From fastest to slowest approaches:

✅ Fastest: Pre-filter before complex processing

# Filter cheap fields first
kelora -j huge.jsonl \
  --filter "e.level == 'ERROR'" \
  --exec "expensive_parsing(e)" \
  --filter "e.computed > 100"

⚡ Fast: Use parallel mode for CPU-bound work

kelora -j archive.jsonl --parallel --threads 0 \
  --exec "e.parsed = e.msg.parse_custom_format()"

🐌 Slower: Complex regex on every event

# Move static setup to --begin if possible
kelora --exec "e.extracted = complex_regex(e.line)"

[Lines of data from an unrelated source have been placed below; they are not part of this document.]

(* Let $M=P+\varepsilon D\in\mathbb{DH}[t]$ be a monic polynomial and let $N\in\mathbb{D}[t]$ be a monic polynomial of degree two which divides the norm polynomial $M\overline{M}$ in $\mathbb{D}[t]$, and suppose that the primal part of $N$ (a real polynomial) does not divide $P$ in $\mathbb{H}[t]$. Then there exists a unique $h\in\mathbb{DH}$ such that $t-h$ is a right factor of $M$ (i.e. $M=Q(t-h)$ for some $Q\in\mathbb{DH}[t]$) and $(t-h)(t-\overline{h})=N$.
   Context: $\mathbb{D}=\mathbb{R}[\varepsilon]/\langle\varepsilon^2\rangle$ denotes the dual numbers. $\mathbb{H}$ denotes the real quaternions with basis $1,\mathbf{i},\mathbf{j},\mathbf{k}$, $\mathbf{i}^2=\mathbf{j}^2=\mathbf{k}^2=\mathbf{i}\mathbf{j}\mathbf{k}=-1$. The dual quaternions $\mathbb{DH}$ are the $\mathbb{D}$-algebra $\mathbb{H}\otimes_{\mathbb{R}}\mathbb{D}$ ($\varepsilon$ commutes with $\mathbf{i},\mathbf{j},\mathbf{k}$); every $q\in\mathbb{DH}$ is $q=p+\varepsilon d$ with $p,d\in\mathbb{H}$ (primal and dual part). The conjugate of $q=q_0+q_1\mathbf{i}+q_2\mathbf{j}+q_3\mathbf{k}$ ($q_i\in\mathbb{D}$) is $\overline{q}=q_0-q_1\mathbf{i}-q_2\mathbf{j}-q_3\mathbf{k}$. $\mathbb{DH}[t]$ is the ring of polynomials with dual quaternion coefficients in which the indeterminate $t$ commutes with all coefficients. For $M=\sum m_it^i$, $\overline{M}=\sum\overline{m_i}t^i$ and the norm polynomial is $M\overline{M}=\overline{M}M\in\mathbb{D}[t]$. Every $M\in\mathbb{DH}[t]$ is written $M=P+\varepsilon D$ with $P,D\in\mathbb{H}[t]$ (primal and dual part). Monic means leading coefficient $1$. *)

theory Defs
  imports "HOL-Computational_Algebra.Polynomial"
begin

datatype quat = Quat (qre: real) (qi: real) (qj: real) (qk: real)

lemma quat_eq_iff: "x = y \<longleftrightarrow> qre x = qre y \<and> qi x = qi y \<and> qj x = qj y \<and> qk x = qk y"
  by (cases x; cases y) auto

instantiation quat :: ring_1
begin
definition "0 = Quat 0 0 0 0"
definition "1 = Quat 1 0 0 0"
definition "x + y = Quat (qre x + qre y) (qi x + qi y) (qj x + qj y) (qk x + qk y)"
definition "x - y = Quat (qre x - qre y) (qi x - qi y) (qj x - qj y) (qk x - qk y)"
definition "- x = Quat (- qre x) (- qi x) (- qj x) (- qk x)"
definition "x * y = Quat
   (qre x * qre y - qi x * qi y - qj x * qj y - qk x * qk y)
   (qre x * qi y + qi x * qre y + qj x * qk y - qk x * qj y)
   (qre x * qj y - qi x * qk y + qj x * qre y + qk x * qi y)
   (qre x * qk y + qi x * qj y - qj x * qi y + qk x * qre y)"
instance
  by standard (simp_all add: quat_eq_iff zero_quat_def one_quat_def plus_quat_def
      minus_quat_def uminus_quat_def times_quat_def algebra_simps)
end

definition qcnj :: "quat \<Rightarrow> quat" where
  "qcnj x = Quat (qre x) (- qi x) (- qj x) (- qk x)"

definition quat_of_real :: "real \<Rightarrow> quat" where
  "quat_of_real a = Quat a 0 0 0"

datatype dual = Dual (dre: real) (deps: real)

lemma dual_eq_iff: "x = y \<longleftrightarrow> dre x = dre y \<and> deps x = deps y"
  by (cases x; cases y) auto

See Performance Model for deep dive on tuning.


Reproduction Guide

  1. Install comparison tools. brew install ripgrep jq miller qsv (macOS) or the equivalent packages via apt, dnf, etc.
  2. Build Kelora in release mode.
    cargo build --release
    
  3. Generate the deterministic datasets.
    ./benchmarks/generate_comparison_data.sh
    
    This script ensures the 100k/500k JSONL fixtures plus CSV/syslog derivatives match what the docs describe.
  4. Run the comparison suite.
    just bench-compare    # wraps ./benchmarks/compare_tools.sh
    
    The runner prints human-friendly summaries and writes raw markdown tables to benchmarks/comparison_results/0*.md.
  5. Update the docs. Copy the system-info block and any new tables into docs/concepts/benchmark-results/ (one file per machine) and open a PR that references your hardware + date.

Every rerun should state the git commit, OS version, CPU, and tool versions so readers can compare apples to apples.



Contributing Benchmarks

Have a different machine? Want to test additional tools? Benchmark contributions are welcome!

  1. Run ./benchmarks/compare_tools.sh on your machine
  2. Save results with hardware info
  3. Submit a PR with your results in docs/concepts/benchmark-results/

We're especially interested in: - Different CPU architectures (ARM, x86, RISC-V) - Linux vs macOS vs Windows - Comparison with additional tools (angle, pv+awk, etc.)